Task directions> From the listing below, output only the lines starting at the line that has "(3) For each" and ending at the line that has "- piC \<theta>", exactly as they appear, ends included.
══════
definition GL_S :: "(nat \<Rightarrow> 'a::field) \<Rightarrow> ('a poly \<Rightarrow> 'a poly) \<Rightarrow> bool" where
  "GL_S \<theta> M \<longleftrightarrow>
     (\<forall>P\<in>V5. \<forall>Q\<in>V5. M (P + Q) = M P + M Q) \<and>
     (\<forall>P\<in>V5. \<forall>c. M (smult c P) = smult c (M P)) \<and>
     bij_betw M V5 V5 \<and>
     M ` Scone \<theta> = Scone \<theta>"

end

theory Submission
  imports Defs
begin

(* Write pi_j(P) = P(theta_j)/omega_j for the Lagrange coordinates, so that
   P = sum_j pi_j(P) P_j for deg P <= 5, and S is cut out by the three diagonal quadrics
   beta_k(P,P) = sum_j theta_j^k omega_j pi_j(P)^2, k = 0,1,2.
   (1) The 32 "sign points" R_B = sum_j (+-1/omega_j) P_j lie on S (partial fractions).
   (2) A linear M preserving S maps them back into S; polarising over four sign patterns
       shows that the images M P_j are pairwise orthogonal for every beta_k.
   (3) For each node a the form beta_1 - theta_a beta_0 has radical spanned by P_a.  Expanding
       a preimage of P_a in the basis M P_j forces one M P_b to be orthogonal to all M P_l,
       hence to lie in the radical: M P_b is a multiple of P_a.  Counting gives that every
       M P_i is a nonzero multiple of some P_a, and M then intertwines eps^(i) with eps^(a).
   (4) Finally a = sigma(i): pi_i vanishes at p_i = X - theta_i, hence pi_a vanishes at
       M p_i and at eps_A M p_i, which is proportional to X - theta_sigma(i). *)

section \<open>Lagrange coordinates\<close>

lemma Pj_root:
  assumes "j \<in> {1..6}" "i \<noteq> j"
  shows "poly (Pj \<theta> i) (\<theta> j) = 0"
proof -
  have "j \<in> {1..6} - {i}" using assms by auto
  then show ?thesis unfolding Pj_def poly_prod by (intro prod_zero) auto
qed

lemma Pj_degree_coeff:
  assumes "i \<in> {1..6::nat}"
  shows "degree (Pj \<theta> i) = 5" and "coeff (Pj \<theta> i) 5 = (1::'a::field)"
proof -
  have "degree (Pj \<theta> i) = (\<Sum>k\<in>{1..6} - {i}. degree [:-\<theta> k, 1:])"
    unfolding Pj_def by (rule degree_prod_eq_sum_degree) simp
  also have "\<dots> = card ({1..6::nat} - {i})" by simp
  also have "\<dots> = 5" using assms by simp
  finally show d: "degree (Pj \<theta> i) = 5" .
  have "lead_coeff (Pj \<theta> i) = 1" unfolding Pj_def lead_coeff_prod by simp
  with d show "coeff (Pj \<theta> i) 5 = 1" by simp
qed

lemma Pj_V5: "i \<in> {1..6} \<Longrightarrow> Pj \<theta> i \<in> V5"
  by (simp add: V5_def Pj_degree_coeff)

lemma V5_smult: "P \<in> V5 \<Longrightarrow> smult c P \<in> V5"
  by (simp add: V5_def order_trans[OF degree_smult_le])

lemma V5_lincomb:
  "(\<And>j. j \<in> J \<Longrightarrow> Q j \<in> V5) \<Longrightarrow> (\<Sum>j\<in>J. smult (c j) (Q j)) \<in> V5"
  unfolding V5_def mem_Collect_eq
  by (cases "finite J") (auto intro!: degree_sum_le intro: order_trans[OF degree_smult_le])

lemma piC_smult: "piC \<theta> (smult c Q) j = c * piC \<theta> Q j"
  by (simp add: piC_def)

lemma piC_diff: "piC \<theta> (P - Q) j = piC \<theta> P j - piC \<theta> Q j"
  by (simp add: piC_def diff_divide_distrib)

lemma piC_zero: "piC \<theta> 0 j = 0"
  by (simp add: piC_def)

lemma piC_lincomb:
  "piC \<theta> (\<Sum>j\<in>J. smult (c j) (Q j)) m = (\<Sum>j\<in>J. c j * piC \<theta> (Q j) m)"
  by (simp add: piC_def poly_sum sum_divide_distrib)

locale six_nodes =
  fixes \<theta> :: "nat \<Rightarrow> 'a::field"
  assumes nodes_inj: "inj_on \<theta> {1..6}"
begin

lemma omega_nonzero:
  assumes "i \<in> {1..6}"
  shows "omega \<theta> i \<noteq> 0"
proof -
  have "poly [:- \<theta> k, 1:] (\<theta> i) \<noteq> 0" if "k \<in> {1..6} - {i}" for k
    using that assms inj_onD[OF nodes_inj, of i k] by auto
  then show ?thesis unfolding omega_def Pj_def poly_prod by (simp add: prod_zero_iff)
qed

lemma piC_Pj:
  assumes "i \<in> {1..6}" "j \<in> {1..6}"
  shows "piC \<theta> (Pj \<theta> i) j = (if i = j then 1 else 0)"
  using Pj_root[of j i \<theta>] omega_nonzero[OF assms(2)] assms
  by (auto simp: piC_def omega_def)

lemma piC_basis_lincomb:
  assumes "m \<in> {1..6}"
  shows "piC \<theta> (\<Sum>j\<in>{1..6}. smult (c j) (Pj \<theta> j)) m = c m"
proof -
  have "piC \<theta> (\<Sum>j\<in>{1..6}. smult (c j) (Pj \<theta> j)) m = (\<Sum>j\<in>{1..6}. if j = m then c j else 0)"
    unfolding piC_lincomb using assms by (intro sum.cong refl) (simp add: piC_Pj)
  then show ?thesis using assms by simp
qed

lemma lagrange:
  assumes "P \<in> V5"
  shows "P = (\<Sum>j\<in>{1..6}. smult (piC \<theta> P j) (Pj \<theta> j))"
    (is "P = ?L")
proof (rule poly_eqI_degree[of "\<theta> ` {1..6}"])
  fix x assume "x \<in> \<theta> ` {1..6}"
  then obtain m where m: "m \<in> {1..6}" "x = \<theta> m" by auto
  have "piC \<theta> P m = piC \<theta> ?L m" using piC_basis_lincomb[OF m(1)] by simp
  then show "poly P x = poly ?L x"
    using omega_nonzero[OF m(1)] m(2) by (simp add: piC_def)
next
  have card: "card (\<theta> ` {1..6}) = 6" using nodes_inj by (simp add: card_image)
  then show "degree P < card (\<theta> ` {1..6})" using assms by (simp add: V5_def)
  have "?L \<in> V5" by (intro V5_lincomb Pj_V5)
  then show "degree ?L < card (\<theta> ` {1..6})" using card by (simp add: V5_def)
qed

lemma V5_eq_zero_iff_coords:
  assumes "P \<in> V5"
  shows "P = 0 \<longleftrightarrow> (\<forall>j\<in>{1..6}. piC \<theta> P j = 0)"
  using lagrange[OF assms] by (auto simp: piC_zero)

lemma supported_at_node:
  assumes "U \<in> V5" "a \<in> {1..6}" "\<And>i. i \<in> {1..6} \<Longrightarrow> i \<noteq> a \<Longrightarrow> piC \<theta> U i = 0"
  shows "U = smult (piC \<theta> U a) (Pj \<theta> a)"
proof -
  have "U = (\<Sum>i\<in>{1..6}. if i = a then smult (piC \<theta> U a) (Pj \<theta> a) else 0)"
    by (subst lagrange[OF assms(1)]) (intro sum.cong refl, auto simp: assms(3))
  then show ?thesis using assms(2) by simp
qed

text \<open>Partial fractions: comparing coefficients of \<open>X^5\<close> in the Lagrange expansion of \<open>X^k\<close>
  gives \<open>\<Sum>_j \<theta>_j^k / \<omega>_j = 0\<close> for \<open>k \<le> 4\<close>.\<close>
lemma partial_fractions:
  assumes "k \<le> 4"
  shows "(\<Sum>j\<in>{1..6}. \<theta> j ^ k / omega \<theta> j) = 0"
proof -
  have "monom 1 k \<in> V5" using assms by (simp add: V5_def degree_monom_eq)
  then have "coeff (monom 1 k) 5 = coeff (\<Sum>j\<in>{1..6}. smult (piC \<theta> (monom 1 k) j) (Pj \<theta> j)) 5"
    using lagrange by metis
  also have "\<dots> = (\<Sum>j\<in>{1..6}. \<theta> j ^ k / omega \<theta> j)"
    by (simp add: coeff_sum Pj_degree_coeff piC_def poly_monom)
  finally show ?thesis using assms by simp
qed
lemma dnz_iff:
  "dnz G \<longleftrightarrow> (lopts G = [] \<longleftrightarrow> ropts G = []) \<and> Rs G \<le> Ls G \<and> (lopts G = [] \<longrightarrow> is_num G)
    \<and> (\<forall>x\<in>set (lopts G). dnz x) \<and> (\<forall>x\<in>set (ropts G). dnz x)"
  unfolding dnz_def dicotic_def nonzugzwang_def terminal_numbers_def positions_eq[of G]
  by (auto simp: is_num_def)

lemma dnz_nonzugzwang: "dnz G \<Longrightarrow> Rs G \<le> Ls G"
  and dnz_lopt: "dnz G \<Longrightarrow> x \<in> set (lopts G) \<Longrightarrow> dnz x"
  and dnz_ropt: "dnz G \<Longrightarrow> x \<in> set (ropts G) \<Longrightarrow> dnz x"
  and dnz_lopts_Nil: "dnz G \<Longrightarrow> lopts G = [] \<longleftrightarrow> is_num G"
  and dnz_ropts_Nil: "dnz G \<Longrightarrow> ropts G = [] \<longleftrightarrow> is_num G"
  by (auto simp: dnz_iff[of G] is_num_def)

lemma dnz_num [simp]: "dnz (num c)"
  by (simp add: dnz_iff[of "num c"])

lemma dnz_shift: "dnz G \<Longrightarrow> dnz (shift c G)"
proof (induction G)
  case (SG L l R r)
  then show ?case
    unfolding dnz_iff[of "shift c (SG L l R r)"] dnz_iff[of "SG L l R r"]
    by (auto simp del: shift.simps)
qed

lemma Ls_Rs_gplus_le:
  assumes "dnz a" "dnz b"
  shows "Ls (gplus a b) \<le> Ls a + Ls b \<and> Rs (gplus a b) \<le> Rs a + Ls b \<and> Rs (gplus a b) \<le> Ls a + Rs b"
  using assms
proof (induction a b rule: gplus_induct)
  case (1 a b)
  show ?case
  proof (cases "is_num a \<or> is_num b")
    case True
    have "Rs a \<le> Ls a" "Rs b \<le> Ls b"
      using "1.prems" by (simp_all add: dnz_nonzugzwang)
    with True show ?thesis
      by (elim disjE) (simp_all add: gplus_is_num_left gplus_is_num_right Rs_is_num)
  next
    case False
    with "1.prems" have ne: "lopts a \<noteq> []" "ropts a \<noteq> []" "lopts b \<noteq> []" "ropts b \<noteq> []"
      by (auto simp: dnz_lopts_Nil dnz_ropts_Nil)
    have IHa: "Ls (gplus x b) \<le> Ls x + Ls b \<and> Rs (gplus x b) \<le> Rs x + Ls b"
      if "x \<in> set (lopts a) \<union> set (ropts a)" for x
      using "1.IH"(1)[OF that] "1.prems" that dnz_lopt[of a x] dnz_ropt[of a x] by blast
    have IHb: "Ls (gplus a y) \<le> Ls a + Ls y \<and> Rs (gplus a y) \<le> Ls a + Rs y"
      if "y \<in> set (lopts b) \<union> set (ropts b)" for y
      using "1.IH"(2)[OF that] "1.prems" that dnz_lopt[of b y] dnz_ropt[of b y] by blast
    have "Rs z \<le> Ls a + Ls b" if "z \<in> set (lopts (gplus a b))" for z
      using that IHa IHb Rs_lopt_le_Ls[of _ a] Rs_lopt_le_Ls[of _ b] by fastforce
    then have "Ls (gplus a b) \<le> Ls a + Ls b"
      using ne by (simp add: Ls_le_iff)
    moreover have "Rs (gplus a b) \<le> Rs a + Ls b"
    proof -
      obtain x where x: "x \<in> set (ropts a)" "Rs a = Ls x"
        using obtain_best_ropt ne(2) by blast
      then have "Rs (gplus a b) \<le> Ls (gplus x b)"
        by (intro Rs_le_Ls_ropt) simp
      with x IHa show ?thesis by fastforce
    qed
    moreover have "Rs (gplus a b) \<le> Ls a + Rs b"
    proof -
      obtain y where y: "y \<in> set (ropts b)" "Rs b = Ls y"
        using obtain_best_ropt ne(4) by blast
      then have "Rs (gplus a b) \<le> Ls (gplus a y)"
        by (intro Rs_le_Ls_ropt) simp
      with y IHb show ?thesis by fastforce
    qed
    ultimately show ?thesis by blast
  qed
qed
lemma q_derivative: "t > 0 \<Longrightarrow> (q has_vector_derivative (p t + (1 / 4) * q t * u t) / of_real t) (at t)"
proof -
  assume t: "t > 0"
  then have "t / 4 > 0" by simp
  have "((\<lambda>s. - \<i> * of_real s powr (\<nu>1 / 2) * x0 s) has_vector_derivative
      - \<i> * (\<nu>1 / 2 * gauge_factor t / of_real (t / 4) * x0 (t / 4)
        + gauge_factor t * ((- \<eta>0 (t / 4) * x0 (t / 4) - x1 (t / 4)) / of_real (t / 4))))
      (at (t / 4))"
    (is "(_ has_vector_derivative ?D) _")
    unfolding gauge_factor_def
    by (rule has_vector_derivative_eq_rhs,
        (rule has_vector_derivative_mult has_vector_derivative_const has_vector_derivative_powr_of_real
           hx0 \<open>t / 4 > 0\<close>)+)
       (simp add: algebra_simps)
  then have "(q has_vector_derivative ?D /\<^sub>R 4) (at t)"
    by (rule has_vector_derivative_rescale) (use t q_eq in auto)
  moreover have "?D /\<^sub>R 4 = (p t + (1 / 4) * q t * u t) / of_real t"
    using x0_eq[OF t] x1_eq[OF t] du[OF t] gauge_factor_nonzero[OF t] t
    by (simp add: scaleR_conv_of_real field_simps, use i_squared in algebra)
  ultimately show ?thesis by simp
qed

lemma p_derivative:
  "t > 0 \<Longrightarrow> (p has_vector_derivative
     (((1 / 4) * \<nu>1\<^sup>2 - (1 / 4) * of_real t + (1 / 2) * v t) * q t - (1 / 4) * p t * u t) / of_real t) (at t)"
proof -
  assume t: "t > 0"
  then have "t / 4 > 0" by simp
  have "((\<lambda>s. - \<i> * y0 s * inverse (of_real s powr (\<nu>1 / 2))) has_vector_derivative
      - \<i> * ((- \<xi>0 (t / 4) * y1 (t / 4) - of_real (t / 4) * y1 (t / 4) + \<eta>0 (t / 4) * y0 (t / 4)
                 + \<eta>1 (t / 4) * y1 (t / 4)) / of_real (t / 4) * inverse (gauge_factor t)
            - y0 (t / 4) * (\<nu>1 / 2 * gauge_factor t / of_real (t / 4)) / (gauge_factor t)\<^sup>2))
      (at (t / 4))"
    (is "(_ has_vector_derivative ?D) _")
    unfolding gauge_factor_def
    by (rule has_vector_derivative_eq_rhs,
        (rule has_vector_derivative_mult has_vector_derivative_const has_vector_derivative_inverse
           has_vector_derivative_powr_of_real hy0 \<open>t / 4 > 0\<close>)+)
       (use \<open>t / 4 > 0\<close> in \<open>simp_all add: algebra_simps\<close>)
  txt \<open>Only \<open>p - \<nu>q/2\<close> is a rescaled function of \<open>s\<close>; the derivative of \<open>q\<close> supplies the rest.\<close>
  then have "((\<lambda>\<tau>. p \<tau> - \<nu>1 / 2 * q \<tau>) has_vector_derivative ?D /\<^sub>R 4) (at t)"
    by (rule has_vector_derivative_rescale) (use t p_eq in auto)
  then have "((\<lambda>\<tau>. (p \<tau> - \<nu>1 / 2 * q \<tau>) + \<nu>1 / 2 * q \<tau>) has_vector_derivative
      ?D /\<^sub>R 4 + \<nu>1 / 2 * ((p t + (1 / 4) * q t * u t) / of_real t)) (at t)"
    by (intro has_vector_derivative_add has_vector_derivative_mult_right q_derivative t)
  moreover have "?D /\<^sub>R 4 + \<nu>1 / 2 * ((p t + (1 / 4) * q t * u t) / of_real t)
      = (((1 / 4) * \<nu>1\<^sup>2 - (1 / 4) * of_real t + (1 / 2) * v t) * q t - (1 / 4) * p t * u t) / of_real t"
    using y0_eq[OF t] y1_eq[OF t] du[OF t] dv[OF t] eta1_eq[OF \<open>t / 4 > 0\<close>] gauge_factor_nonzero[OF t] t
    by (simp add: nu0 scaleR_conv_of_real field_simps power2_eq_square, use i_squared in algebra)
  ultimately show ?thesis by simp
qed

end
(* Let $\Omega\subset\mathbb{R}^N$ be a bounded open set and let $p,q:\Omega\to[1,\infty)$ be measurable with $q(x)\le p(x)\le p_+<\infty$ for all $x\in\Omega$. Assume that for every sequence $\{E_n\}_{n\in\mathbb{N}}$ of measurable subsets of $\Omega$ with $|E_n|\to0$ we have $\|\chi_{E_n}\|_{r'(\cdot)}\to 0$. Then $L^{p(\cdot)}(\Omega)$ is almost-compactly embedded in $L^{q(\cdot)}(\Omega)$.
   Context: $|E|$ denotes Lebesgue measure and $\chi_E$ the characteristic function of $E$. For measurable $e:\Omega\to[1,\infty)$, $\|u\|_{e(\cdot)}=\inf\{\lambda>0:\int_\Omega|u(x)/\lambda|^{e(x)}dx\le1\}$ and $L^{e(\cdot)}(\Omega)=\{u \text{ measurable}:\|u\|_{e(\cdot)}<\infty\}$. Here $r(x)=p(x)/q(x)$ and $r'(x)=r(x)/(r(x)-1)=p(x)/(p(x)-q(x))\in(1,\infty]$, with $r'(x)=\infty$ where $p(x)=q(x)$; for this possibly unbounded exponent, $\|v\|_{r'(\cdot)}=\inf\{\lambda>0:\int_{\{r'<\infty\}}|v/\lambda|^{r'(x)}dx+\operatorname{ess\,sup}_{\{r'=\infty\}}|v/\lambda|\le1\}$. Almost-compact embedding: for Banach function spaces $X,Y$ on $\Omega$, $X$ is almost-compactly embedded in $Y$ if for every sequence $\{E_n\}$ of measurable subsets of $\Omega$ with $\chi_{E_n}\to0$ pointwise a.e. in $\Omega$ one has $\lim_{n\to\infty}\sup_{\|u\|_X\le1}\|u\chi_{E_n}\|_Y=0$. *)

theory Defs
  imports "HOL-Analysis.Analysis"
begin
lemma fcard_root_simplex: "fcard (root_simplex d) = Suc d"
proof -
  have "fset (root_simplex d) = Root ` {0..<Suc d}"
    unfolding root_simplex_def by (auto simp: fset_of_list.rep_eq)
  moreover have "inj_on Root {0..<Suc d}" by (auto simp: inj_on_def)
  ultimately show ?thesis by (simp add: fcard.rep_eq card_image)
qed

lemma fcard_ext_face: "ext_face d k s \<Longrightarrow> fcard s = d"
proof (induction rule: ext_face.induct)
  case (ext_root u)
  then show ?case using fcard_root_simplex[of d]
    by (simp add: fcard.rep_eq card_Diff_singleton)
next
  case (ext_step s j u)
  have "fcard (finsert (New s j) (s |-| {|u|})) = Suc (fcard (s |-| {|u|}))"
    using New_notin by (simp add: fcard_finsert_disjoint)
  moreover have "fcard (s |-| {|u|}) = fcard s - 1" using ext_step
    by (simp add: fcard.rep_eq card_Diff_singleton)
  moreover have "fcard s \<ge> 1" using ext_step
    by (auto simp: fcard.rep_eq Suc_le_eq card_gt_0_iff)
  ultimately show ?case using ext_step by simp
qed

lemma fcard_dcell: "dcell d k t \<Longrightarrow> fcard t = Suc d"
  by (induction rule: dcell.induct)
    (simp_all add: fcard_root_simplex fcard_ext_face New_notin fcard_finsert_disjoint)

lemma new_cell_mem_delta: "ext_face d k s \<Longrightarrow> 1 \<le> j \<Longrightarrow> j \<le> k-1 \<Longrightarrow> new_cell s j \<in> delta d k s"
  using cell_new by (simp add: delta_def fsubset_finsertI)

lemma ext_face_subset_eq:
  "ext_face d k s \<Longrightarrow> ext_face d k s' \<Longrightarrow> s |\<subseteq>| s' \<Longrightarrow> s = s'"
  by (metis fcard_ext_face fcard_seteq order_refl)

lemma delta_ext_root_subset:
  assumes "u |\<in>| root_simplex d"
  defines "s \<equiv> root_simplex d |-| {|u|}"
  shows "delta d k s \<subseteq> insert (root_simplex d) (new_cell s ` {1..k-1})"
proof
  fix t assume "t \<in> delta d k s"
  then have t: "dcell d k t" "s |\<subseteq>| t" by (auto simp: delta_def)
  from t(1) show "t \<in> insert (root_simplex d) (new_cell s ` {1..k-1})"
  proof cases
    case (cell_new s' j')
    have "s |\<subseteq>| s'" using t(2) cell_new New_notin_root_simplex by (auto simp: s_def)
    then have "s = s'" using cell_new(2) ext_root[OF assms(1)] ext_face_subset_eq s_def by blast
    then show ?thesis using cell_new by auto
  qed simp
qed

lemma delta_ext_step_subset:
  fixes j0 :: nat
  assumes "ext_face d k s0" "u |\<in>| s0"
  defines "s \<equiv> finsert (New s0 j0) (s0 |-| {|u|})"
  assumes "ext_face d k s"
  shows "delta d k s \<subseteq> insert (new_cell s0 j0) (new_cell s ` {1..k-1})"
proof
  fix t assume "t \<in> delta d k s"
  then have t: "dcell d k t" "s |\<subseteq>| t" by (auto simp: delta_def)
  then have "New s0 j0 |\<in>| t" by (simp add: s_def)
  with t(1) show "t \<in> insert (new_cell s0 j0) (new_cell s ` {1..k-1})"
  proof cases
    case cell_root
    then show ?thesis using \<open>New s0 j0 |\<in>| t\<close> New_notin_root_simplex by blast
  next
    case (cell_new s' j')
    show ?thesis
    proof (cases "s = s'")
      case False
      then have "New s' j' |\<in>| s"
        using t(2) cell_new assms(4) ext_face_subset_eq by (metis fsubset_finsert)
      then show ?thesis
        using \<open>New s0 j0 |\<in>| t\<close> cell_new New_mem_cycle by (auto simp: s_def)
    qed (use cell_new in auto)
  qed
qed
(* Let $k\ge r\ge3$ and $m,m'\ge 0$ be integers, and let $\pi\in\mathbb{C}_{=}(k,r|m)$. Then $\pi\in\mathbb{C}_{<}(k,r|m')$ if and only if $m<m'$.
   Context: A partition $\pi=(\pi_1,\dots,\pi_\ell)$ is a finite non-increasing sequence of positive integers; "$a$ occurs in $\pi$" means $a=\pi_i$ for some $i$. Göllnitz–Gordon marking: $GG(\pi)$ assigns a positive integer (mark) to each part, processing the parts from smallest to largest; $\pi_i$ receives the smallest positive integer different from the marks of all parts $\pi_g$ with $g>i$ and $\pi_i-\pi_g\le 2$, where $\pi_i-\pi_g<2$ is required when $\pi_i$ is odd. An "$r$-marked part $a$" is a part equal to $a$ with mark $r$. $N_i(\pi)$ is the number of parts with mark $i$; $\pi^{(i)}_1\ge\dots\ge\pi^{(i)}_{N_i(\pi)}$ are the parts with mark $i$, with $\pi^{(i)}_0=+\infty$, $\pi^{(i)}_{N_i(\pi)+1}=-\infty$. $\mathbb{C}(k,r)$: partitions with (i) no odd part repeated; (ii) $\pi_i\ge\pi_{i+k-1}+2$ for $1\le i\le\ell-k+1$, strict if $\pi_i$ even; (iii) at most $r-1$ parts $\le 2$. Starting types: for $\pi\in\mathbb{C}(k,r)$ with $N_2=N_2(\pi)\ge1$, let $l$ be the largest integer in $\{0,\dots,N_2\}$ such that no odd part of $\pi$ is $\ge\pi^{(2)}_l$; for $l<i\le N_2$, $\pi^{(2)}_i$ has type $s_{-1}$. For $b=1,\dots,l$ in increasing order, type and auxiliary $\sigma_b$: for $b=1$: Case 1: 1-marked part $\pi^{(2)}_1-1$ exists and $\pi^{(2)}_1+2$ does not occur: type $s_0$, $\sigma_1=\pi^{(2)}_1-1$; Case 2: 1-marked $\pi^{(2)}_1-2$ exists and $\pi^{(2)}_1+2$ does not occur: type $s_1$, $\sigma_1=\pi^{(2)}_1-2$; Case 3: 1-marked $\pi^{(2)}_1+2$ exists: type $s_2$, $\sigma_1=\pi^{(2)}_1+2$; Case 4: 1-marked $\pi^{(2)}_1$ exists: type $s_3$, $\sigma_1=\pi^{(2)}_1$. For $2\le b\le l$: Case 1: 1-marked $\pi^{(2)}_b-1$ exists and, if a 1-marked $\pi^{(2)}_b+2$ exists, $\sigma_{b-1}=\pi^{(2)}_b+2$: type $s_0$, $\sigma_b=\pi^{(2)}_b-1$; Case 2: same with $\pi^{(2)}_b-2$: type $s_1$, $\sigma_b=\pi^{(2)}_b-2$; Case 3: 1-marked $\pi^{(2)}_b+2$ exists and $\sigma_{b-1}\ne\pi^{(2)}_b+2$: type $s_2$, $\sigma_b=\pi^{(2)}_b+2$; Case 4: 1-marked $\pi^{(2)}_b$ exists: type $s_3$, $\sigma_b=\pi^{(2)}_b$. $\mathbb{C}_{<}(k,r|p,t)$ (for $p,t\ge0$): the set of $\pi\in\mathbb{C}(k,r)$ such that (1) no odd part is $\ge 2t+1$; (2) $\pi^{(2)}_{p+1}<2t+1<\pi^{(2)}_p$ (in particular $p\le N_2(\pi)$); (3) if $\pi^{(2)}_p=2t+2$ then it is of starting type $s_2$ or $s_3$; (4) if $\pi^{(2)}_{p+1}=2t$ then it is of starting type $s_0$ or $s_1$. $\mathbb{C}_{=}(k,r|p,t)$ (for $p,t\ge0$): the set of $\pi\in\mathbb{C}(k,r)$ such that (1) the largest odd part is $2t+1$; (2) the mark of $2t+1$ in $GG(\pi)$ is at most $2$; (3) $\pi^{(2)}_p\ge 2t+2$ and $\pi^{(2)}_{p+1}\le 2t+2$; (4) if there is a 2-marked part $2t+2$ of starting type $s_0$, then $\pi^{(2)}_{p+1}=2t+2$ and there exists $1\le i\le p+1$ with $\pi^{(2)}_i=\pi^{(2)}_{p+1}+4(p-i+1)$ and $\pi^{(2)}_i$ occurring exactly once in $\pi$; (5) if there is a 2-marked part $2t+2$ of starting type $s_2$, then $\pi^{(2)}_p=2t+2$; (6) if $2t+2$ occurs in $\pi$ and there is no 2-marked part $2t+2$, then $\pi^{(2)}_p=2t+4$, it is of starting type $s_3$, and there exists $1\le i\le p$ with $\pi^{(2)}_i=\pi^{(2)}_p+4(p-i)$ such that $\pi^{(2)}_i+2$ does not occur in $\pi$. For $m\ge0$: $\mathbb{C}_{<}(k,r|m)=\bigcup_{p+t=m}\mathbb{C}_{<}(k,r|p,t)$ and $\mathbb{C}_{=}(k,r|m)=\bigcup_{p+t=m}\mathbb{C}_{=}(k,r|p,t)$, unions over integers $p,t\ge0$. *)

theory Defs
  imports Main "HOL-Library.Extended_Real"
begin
══════
Output of the task>
   (3) For each node a the form beta_1 - theta_a beta_0 has radical spanned by P_a.  Expanding
       a preimage of P_a in the basis M P_j forces one M P_b to be orthogonal to all M P_l,
       hence to lie in the radical: M P_b is a multiple of P_a.  Counting gives that every
       M P_i is a nonzero multiple of some P_a, and M then intertwines eps^(i) with eps^(a).
   (4) Finally a = sigma(i): pi_i vanishes at p_i = X - theta_i, hence pi_a vanishes at
       M p_i and at eps_A M p_i, which is proportional to X - theta_sigma(i). *)

section \<open>Lagrange coordinates\<close>

lemma Pj_root:
  assumes "j \<in> {1..6}" "i \<noteq> j"
  shows "poly (Pj \<theta> i) (\<theta> j) = 0"
proof -
  have "j \<in> {1..6} - {i}" using assms by auto
  then show ?thesis unfolding Pj_def poly_prod by (intro prod_zero) auto
qed

lemma Pj_degree_coeff:
  assumes "i \<in> {1..6::nat}"
  shows "degree (Pj \<theta> i) = 5" and "coeff (Pj \<theta> i) 5 = (1::'a::field)"
proof -
  have "degree (Pj \<theta> i) = (\<Sum>k\<in>{1..6} - {i}. degree [:-\<theta> k, 1:])"
    unfolding Pj_def by (rule degree_prod_eq_sum_degree) simp
  also have "\<dots> = card ({1..6::nat} - {i})" by simp
  also have "\<dots> = 5" using assms by simp
  finally show d: "degree (Pj \<theta> i) = 5" .
  have "lead_coeff (Pj \<theta> i) = 1" unfolding Pj_def lead_coeff_prod by simp
  with d show "coeff (Pj \<theta> i) 5 = 1" by simp
qed

lemma Pj_V5: "i \<in> {1..6} \<Longrightarrow> Pj \<theta> i \<in> V5"
  by (simp add: V5_def Pj_degree_coeff)

lemma V5_smult: "P \<in> V5 \<Longrightarrow> smult c P \<in> V5"
  by (simp add: V5_def order_trans[OF degree_smult_le])

lemma V5_lincomb:
  "(\<And>j. j \<in> J \<Longrightarrow> Q j \<in> V5) \<Longrightarrow> (\<Sum>j\<in>J. smult (c j) (Q j)) \<in> V5"
  unfolding V5_def mem_Collect_eq
  by (cases "finite J") (auto intro!: degree_sum_le intro: order_trans[OF degree_smult_le])

lemma piC_smult: "piC \<theta> (smult c Q) j = c * piC \<theta> Q j"
  by (simp add: piC_def)

lemma piC_diff: "piC \<theta> (P - Q) j = piC \<theta> P j - piC \<theta> Q j"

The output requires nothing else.